Hey guys! I have a quick question pertaining to some of the very popular yet elusive Kato knives. I’ll put it simply in the context of Gyutos to make things easy.

I’ve noticed that most knife makers will price their Kurouchi knives lower than their polished Kasumi knives. This is due to the lack of finishing work required. But with Kato gyutos it seems that it’s the opposite in terms of the second hand market. A Kurouchi Kato goes for far more than a Kasumi Kato, sometimes nearly $1000 more. Why is the price so different? I’m sure there’s plenty of reasons and factors that I haven’t considered. I’m just hoping some of my fellow KKF members on here can clear it up. Thanks!


----------



## khashy (Jan 16, 2022)

Very simple reason; There are far less KU Katos around. The usual sources of these blades also price them higher, so the KUs end up at the price they’re at


----------



## Logan A. (Jan 16, 2022)

khashy said:


> Very simple reason; There are far less KU Katos around. The usual sources of these blades also price them higher, so the KUs end up at the price they’re at


Ahhh Classic case of exclusivity. I thought maybe there could have been a functional reason. Good to know. thanks for the info!


----------



## Iggy (Jan 17, 2022)

Performancewise... Kasumi...

Looks and aesthetics (at least for me)... Kurouchi


----------



## Gjackson98 (Jan 18, 2022)

Based on the few Katos I have owned, performance-wise:
KU WH > Kasumi STD > Kasumi WH > KU STD 
For looks, you deserve better


----------



## Iggy (Jan 19, 2022)

Gjackson98 said:


> Based on the few Katos I have owned, performance-wise:
> KU WH > Kasumi STD > Kasumi WH > KU STD
> For looks, you deserve better



Interesting, how you would define performance? From my perspective, it would be:

grind/profile:

WH > Morihei > STD

edge retention and stability

BLUE (morihei) > STD White >>>> WH 

_Edit: My WH were 4 years+ old..._


----------



## Corradobrit1 (Jan 19, 2022)

Everyone has different experiences. Personally I found the B#2 (Ku STD and Ku WH) much chippier than the original mystery white WH Migaki. Haven't used my B#2 Migaki yet.


----------



## big_adventure (Jan 19, 2022)

I have but one Kato, a kasumi Morihei in blue #2, and it's my favorite knife to use, bar none. 

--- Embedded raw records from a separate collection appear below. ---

lemma crit_weight_asymp_equiv:
  "crit_weight m X \<sim>[at_top] (\<lambda>k. (real m - 1) * c0 * real k powr (1 - \<alpha>))"
proof -
  have "(\<lambda>k. (crit_fun m k + 1) * pmf X k) \<sim>[at_top] (\<lambda>k. ((real m - 1) * real k * real m ^ k)
                               * (c0 * real m powr (- real k) * real k powr (- \<alpha>)))"
  proof (rule asymp_equiv_mult[OF _ pmf_asymp])
    show "(\<lambda>k. crit_fun m k + 1) \<sim>[at_top] (\<lambda>k. (real m - 1) * real k * real m ^ k)"
      using m_ge_2 unfolding crit_fun_def by real_asymp
  qed
  also have "\<dots> \<sim>[at_top] (\<lambda>k. (real m - 1) * c0 * real k powr (1 - \<alpha>))"
  proof (rule asymp_equiv_refl_ev)
    show "eventually (\<lambda>k. (real m - 1) * real k * real m ^ k
                             * (c0 * real m powr (- real k) * real k powr (- \<alpha>))
                           = (real m - 1) * c0 * real k powr (1 - \<alpha>)) at_top"
      using eventually_gt_at_top[of 0]
    proof eventually_elim
      case (elim k)
      have "real m ^ k * real m powr (- real k) = 1"
        using m_ge_2 by (simp add: powr_minus powr_realpow)
      moreover have "real k * real k powr (- \<alpha>) = real k powr (1 - \<alpha>)"
        using elim by (simp add: powr_diff powr_minus divide_inverse)
      ultimately show ?case
        by (metis (no_types, lifting) mult.assoc mult.left_commute mult.right_neutral)
    qed
  qed
  finally show ?thesis
    by (simp add: crit_weight_def[abs_def])
qed

lemma exists_pmf_pos: "\<exists>k\<ge>1. 0 < pmf X k"
proof -
  have "eventually (\<lambda>k. 0 < c0 * real m powr (- real k) * real k powr (- \<alpha>) \<and> k \<ge> 1) at_top"
    using eventually_ge_at_top[of 1] by eventually_elim (use c0_pos m_ge_2 in simp)
  with asymp_equiv_eventually_pos_iff[OF pmf_asymp]
  have "eventually (\<lambda>k. 0 < pmf X k \<and> k \<ge> 1) at_top"
    by eventually_elim blast
  then obtain N where "\<And>k. k \<ge> N \<Longrightarrow> 0 < pmf X k \<and> k \<ge> 1"
    by (auto simp: eventually_at_top_linorder)
  then show ?thesis
    by blast
qed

I generally like the look of kurouchi knives, but don't like the fragility of the surface in use. Some ku finishes are more durable than others, but none are remotely as durable _or _as fixable as a kasumi finish. That said, I believe that I don't care as much about the nonfunctional appearance of my knives as many others do. I groud the ku completely off of a Shig to thin that pig massively.


----------



## ynot1985 (Feb 4, 2022)

Logan A. said:


> Hey guys! I have a quick question pertaining to some of the very popular yet elusive Kato knives. I’ll put it simply in the context of Gyutos to make things easy.
> 
> I’ve noticed that most knife makers will price their Kurouchi knives lower than their polished Kasumi knives. This is due to the lack of finishing work required. But with Kato gyutos it seems that it’s the opposite in terms of the second hand market. A Kurouchi Kato goes for far more than a Kasumi Kato, sometimes nearly $1000 more. Why is the price so different? I’m sure there’s plenty of reasons and factors that I haven’t considered. I’m just hoping some of my fellow KKF members on here can clear it up. Thanks!



The scarcity., my Kasumi gyutos outnumber my KU
Gyutos. The ratio is about 2-3 for every KU.

The Morehei Kato knives are basically the same as a standard except the Kao is different on the kanji. Morehei openly tells people that the kanji is special. Don’t believe any talk of special grind, etc cause it’s not


----------



## Bensonhai (Mar 2, 2022)

Gjackson98 said:


> Based on the few Katos I have owned, performance-wise:
> KU WH > Kasumi STD > Kasumi WH > KU STD
> For looks, you deserve better


Thanks for sharing this


----------